Barth holds a unity, a simultaneity, which he refuses to resolve into opposition, replacement, or dialectic. “The fact that this happens to” human self-determination “and what happens to it, is not the word of human self-determination.  But conversely it is the work of human self-determination to which this happens, no matter what else may happen to it therewith.” (ibid.)

This becomes clearer if two of Barth’s unusually complex sentences is more clearly laid out than in line-by-line text:

“If  human self-determination were not as it were:

  • the material which is subject
  • and in need

when we speak of the determination of human existence by the Word of God, 

then how could we speak of

  • the determination of human existence
  • of indeed of a determination by God’s Word

in any sense?” (ibid.)

“If God’s Word is not spoken to animals, plants, and stones but to humans,

and

if determination by God’s Word is really a determination of human existence,

in what, then, will it consist [?]

if not in the fact that

  • the self-determination in which [sic] man is man finds its absolute superior in determination by God,
  • that as self-determination, and without in the least being affected or even destroyed altogether as such

[then]

  • it receives a direction,
  • is set under a judgement
  • and has impressed upon it a character

in short

  • it is determined in the way that a self-determining is by a word
  • and that that man is by the Word of God. (ibid.)

“When this is clear,” Barth next writes (“clear!”), the way is open for a more precise explanation of our statement that humans can have experience of God’s Word. . . . At this stage three points should be relatively easy to perceive.” (ibid.)

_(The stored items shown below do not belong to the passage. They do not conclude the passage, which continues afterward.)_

lemma variance_sqrt_lik_ratio:
  assumes "(p1, p2) \<in> Pac M"
  defines "P2 \<equiv> density M (\<lambda>x. ennreal (p2 x))"
  shows "integrable P2 (\<lambda>x. sqrt (lik_ratio p1 p2 x))"
    and "integrable P2 (\<lambda>x. (sqrt (lik_ratio p1 p2 x))\<^sup>2)"
    and "prob_space.variance P2 (\<lambda>x. sqrt (lik_ratio p1 p2 x)) = 1 - (bhatt M p1 p2)\<^sup>2"
proof -
  have p1: "prob_density M p1" and p2: "prob_density M p2"
    using assms by (auto simp: Pac_def)
  interpret P2: prob_space P2
    unfolding P2_def by (rule prob_space_prob_density[OF p2])
  have square: "(sqrt (lik_ratio p1 p2 x))\<^sup>2 = lik_ratio p1 p2 x" if "x \<in> space P2" for x
    using p1 p2 that by (simp add: P2_def prob_density_def lik_ratio_def)
  show int: "integrable P2 (\<lambda>x. sqrt (lik_ratio p1 p2 x))"
    unfolding P2_def by (rule integrable_sqrt_lik_ratio[OF p1 p2])
  show int2: "integrable P2 (\<lambda>x. (sqrt (lik_ratio p1 p2 x))\<^sup>2)"
    using integrable_lik_ratio[OF assms(1)]
    by (subst Bochner_Integration.integrable_cong[OF refl square]) (simp_all add: P2_def)
  have "P2.expectation (\<lambda>x. (sqrt (lik_ratio p1 p2 x))\<^sup>2) = P2.expectation (lik_ratio p1 p2)"
    by (rule Bochner_Integration.integral_cong[OF refl square])
  also have "\<dots> = 1"
    unfolding P2_def by (rule integral_lik_ratio[OF assms(1)])
  finally have "P2.expectation (\<lambda>x. (sqrt (lik_ratio p1 p2 x))\<^sup>2) = 1" .
  then show "P2.variance (\<lambda>x. sqrt (lik_ratio p1 p2 x)) = 1 - (bhatt M p1 p2)\<^sup>2"
    using P2.variance_eq[OF int int2] integral_sqrt_lik_ratio[OF p1 p2] by (simp add: P2_def)
qed

lemma V2_eq_ext_variance_sqrt_lik_ratio:
  assumes p1: "prob_density M p1" and p2: "prob_density M p2"
  shows "V2 M p1 p2 m n = ext_variance (iid_sample M p1 m \<Otimes>\<^sub>M iid_sample M p2 n)
      (\<lambda>(X, Y). sample_mean n (\<lambda>x. sqrt (lik_ratio p1 p2 x)) Y
        - sample_mean m (\<lambda>x. sqrt (lik_ratio p2 p1 x)) X)"
  unfolding V2_def
proof (rule ext_variance_cong, clarify)
  have half: "lik_ratio p1 p2 x powr (1/2) = sqrt (lik_ratio p1 p2 x)"
    and neg_half: "lik_ratio p1 p2 x powr (-1/2) = sqrt (lik_ratio p2 p1 x)" if "x \<in> space M" for x
    using p1 p2 that powr_neg_half_divide[of "p1 x" "p2 x"]
    by (simp_all add: prob_density_def lik_ratio_def powr_half_sqrt)
  fix X Y assume XY: "(X, Y) \<in> space (iid_sample M p1 m \<Otimes>\<^sub>M iid_sample M p2 n)"
  have X: "X i \<in> space M" if "i < m" for i
    using XY that by (auto simp: space_pair_measure space_PiM iid_sample_def)
  have Y: "Y i \<in> space M" if "i < n" for i
    using XY that by (auto simp: space_pair_measure space_PiM iid_sample_def)
  have "(\<Sum>i<n. lik_ratio p1 p2 (Y i) powr (1/2)) = (\<Sum>i<n. sqrt (lik_ratio p1 p2 (Y i)))"
    using Y by (intro sum.cong refl half) auto
  moreover have "(\<Sum>i<m. lik_ratio p1 p2 (X i) powr (-1/2)) = (\<Sum>i<m. sqrt (lik_ratio p2 p1 (X i)))"
    using X by (intro sum.cong refl neg_half) auto
  ultimately show "1 / real n * (\<Sum>i<n. lik_ratio p1 p2 (Y i) powr (1/2))
      - 1 / real m * (\<Sum>i<m. lik_ratio p1 p2 (X i) powr (-1/2))
    = sample_mean n (\<lambda>x. sqrt (lik_ratio p1 p2 x)) Y
      - sample_mean m (\<lambda>x. sqrt (lik_ratio p2 p1 x)) X"
    by (simp only: sample_mean_def)
qed

lemma V2_eq:
  assumes Pac: "(p1, p2) \<in> Pac M" and "m > 0" "n > 0"
  shows "V2 M p1 p2 m n
    = ennreal ((1 - (bhatt M p1 p2)\<^sup>2) / real m + (1 - (bhatt M p1 p2)\<^sup>2) / real n)"
proof -
  have p1: "prob_density M p1" and p2: "prob_density M p2"
    using Pac by (auto simp: Pac_def)
  note first = variance_sqrt_lik_ratio[OF Pac_commute[OF Pac]]
  note second = variance_sqrt_lik_ratio[OF Pac]
  show ?thesis
    using ext_variance_two_sample_mean_diff[OF prob_space_prob_density[OF p1]
        prob_space_prob_density[OF p2] first(1,2) second(1,2) \<open>m > 0\<close> \<open>n > 0\<close>]
    unfolding V2_eq_ext_variance_sqrt_lik_ratio[OF p1 p2] iid_sample_def first(3) second(3)
      bhatt_commute[of M p2 p1] .
qed

lemma V2_bal_eq:
  assumes "(p1, p2) \<in> Pac M" and "even N" "N > 0"
  shows "V2_bal M p1 p2 N = ennreal (4 * (1 - (bhatt M p1 p2)\<^sup>2) / real N)"
proof -
  have "N div 2 > 0" "real N = 2 * real (N div 2)"
    using assms(2,3) by (auto elim: evenE)
  then show ?thesis
    unfolding V2_bal_def V2_eq[OF assms(1) \<open>N div 2 > 0\<close> \<open>N div 2 > 0\<close>]
    by (intro arg_cong[where f = ennreal]) (simp add: field_simps)
qed

lemma V1_lower_bound:
  assumes Pac: "(p1, p2) \<in> Pac M" and "N > 0" and "bhatt M p1 p2 \<le> 1/2"
  shows "ennreal (4 * (1 - (bhatt M p1 p2)\<^sup>2) / real N) \<le> V1 M p1 p2 N"
proof -
  define P2 where "P2 = density M (\<lambda>x. ennreal (p2 x))"
  define B where "B = lik_ratio p1 p2"
  have p1: "prob_density M p1" and p2: "prob_density M p2"
    using Pac by (auto simp: Pac_def)
  interpret P2: prob_space P2
    unfolding P2_def by (rule prob_space_prob_density[OF p2])
  have nonneg: "0 \<le> B x" if "x \<in> space P2" for x
    using p1 p2 that by (simp add: P2_def B_def lik_ratio_def prob_density_def)
  have B: "integrable P2 B" "P2.expectation B = 1"
    unfolding P2_def B_def using integrable_lik_ratio[OF Pac] integral_lik_ratio[OF Pac] by simp_all
  have "V1 M p1 p2 N = ext_variance (PiM {..<N} (\<lambda>_. P2)) (\<lambda>X. sample_mean N B X - 1)"
    unfolding V1_def iid_sample_def sample_mean_def P2_def B_def ..
  also have "\<dots> = (if integrable P2 (\<lambda>x. (B x)\<^sup>2) then ennreal (P2.variance B / real N) else \<infinity>)"
    by (rule ext_variance_sample_mean_minus[OF P2.prob_space_axioms B(1) nonneg \<open>N > 0\<close>])
  finally have V1: "V1 M p1 p2 N = \<dots>" .
  show ?thesis
  proof (cases "integrable P2 (\<lambda>x. (B x)\<^sup>2)")
    case True
    have "P2.expectation (\<lambda>x. sqrt (B x)) = bhatt M p1 p2"
      unfolding P2_def B_def by (rule integral_sqrt_lik_ratio[OF p1 p2])
    moreover have "0 \<le> P2.expectation (\<lambda>x. sqrt (B x))"
      using nonneg by (simp add: integral_nonneg)
    ultimately have "4 * (1 - (bhatt M p1 p2)\<^sup>2) \<le> P2.expectation (\<lambda>x. (B x)\<^sup>2) - 1"
      using P2.expectation_cube_le[OF nonneg B(1) True] B(2) \<open>bhatt M p1 p2 \<le> 1/2\<close>
      by (intro four_mult_one_minus_square_le) simp_all
    also have "\<dots> = P2.variance B"
      using P2.variance_eq[OF B(1) True] B(2) by simp
    finally show ?thesis
      using V1 True \<open>N > 0\<close> by (simp add: ennreal_leI divide_right_mono)
  qed (simp add: V1)
qed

  1. Barth refuses to locate such experience in any one human factor or faculty, but rather in or through all of them: will, conscience, feeling, “all . . . as possibilities of human self-determination and then understand them in their totality.” (I/1/202)
  2. No “anthropological centre” (faculty, factor) can be dis-allowed, least of all intellect — Barth specifically disallows the facile anti-intellecutalism which has come to mark a certain kind of Protestant theology.
  3. “Nor is there any need … to assert any unusual of hidden anthropological centres as the basis of the possibility of human experience of God’s Word” (I/1/203) –and here Barth means depth psychology: “So far as they can be claimed at all as human possibilities, they are rational possibilities in the broadest sense of the term.  Their hiddenness and strangeness certainly do not qualify them as points of entry for the determination of humans by God’s Word.”(I/1/204)

Barth summarizes: “human existence mens human self-determination.” (ibid.)  Determination by God’s Word of human existence, and human self-determination, involves all human faculties without emphasis on any and without repudiation of any.  “The decisive point materially . . . is that it is a determination of the whole self-determining human.” (ibid.)

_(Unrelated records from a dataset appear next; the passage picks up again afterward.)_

(* Consider an asynchronous execution of the Arrow protocol for a set of requests $R$ on a tree $T$, extended by virtual broadcast messages, with requests indexed $r_0,r_1,\dots$ in the resulting queueing order. For any two requests $r_i,r_j$ with $1\le i<j$ and any node $v$ on the tree path from $v_i$ to $v_{i-1}$, it holds that $t_i+\Delta(r_i,v)\le t_j+\Delta(r_j,v)$.
   Context: Requests $r_i=(v_i,t_i)$ are issued at node $v_i$ at time $t_i\ge0$; $r_0=(v_0,0)$ is a dummy request. Arrow protocol on a weighted tree $T$: each node $u$ has a pointer $\mathrm{link}(u)$ (itself or a neighbour), initially pointing towards $v_0$ with $\mathrm{link}(v_0)=v_0$. When $r$ is issued at $v$: if $\mathrm{link}(v)=v$, $r$ is queued behind the previous request at $v$; otherwise atomically $\mathrm{find}(r)$ ("find predecessor") is sent to $\mathrm{link}(v)$ and $\mathrm{link}(v):=v$. When $u$ receives $\mathrm{find}(r)$ from $w$: if $\mathrm{link}(u)=u$, atomically $r$ is queued behind the last request issued at $u$ and $\mathrm{link}(u):=w$; otherwise it is atomically forwarded to $\mathrm{link}(u)$ and $\mathrm{link}(u):=w$. Asynchronous: each message delay over edge $e$ is at most the weight $w(e)$. Virtual extension: for analysis, the "find predecessor" message of each request is additionally broadcast to the whole tree by virtual messages that do not influence the protocol; real messages keep their delays, every virtual message over edge $e$ has delay exactly $w(e)$, and when a real and a virtual message reach a node at the same time, the real one is processed first. For a request $r$ and node $u$, $\Delta(r,u)$ denotes the time the "find predecessor" message of $r$ needs (from its issue) to reach node $u$. *)

theory Defs
  imports Main "HOL.Real"
begin

definition is_path :: "('v \<Rightarrow> 'v \<Rightarrow> bool) \<Rightarrow> 'v list \<Rightarrow> 'v \<Rightarrow> 'v \<Rightarrow> bool" where
  "is_path E p u w \<longleftrightarrow> p \<noteq> [] \<and> hd p = u \<and> last p = w \<and> distinct p \<and>
     (\<forall>i. Suc i < length p \<longrightarrow> E (p ! i) (p ! Suc i))"

definition is_tree :: "'v set \<Rightarrow> ('v \<Rightarrow> 'v \<Rightarrow> bool) \<Rightarrow> bool" where
  "is_tree V E \<longleftrightarrow> finite V \<and> V \<noteq> {} \<and>
     (\<forall>u w. E u w \<longrightarrow> u \<in> V \<and> w \<in> V \<and> u \<noteq> w \<and> E w u) \<and>
     (\<forall>u\<in>V. \<forall>w\<in>V. \<exists>!p. is_path E p u w)"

Barth’s emphasis upon simultaneity, existential personal embrace and specificity, and the Word spoken in concretissimo leads him to say Nein! to previous misunderstandings of any specific human’s experience of the Word of God, and Yes! to its utter uniqueness as determined in all humanness that that which is utterly superior to and transcends all humanness.

Of what does such experience of God’s Word then consist?  Barth turns to an affirmative answer in the second of the three parts of this vital section of his first volume of Church Dogmatics.